#### TASK DETAILS
Reproduce every record below, character by character.

Items from a dataset:
══════════

lemma conj_eq_imp_commute:
  fixes A B X :: "nat set \<Rightarrow> 'a"
  assumes A: "invertible A" and B: "invertible B" and X: "X \<in> Cl"
    and e: "A \<odot> X \<odot> cinv A = B \<odot> X \<odot> cinv B"
  shows "(cinv B \<odot> A) \<odot> X = X \<odot> (cinv B \<odot> A)"
proof -
  have "(cinv B \<odot> A) \<odot> X = cinv B \<odot> (A \<odot> X \<odot> cinv A) \<odot> A"
    using cinv_cancel[OF A X] by (simp add: mul_assoc)
  also have "\<dots> = cinv B \<odot> (B \<odot> X \<odot> cinv B) \<odot> A" by (simp only: e)
  also have "\<dots> = X \<odot> (cinv B \<odot> A)" using cinv_cancel[OF B X] by (simp add: mul_assoc[symmetric])
  finally show ?thesis .
qed

lemma Gamma_invertible: "T \<in> Gamma n eta k \<Longrightarrow> invertible T" by (simp add: Gamma_def invertible_def)

lemma grmod4_clalg: "X \<in> grmod4 n k \<Longrightarrow> X \<in> Cl" by (simp add: grmod4_def)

══════════

#### THE ANSWER
lemma conj_eq_imp_commute:
  fixes A B X :: "nat set \<Rightarrow> 'a"
  assumes A: "invertible A" and B: "invertible B" and X: "X \<in> Cl"
    and e: "A \<odot> X \<odot> cinv A = B \<odot> X \<odot> cinv B"
  shows "(cinv B \<odot> A) \<odot> X = X \<odot> (cinv B \<odot> A)"
proof -
  have "(cinv B \<odot> A) \<odot> X = cinv B \<odot> (A \<odot> X \<odot> cinv A) \<odot> A"
    using cinv_cancel[OF A X] by (simp add: mul_assoc)
  also have "\<dots> = cinv B \<odot> (B \<odot> X \<odot> cinv B) \<odot> A" by (simp only: e)
  also have "\<dots> = X \<odot> (cinv B \<odot> A)" using cinv_cancel[OF B X] by (simp add: mul_assoc[symmetric])
  finally show ?thesis .
qed

lemma Gamma_invertible: "T \<in> Gamma n eta k \<Longrightarrow> invertible T" by (simp add: Gamma_def invertible_def)

lemma grmod4_clalg: "X \<in> grmod4 n k \<Longrightarrow> X \<in> Cl" by (simp add: grmod4_def)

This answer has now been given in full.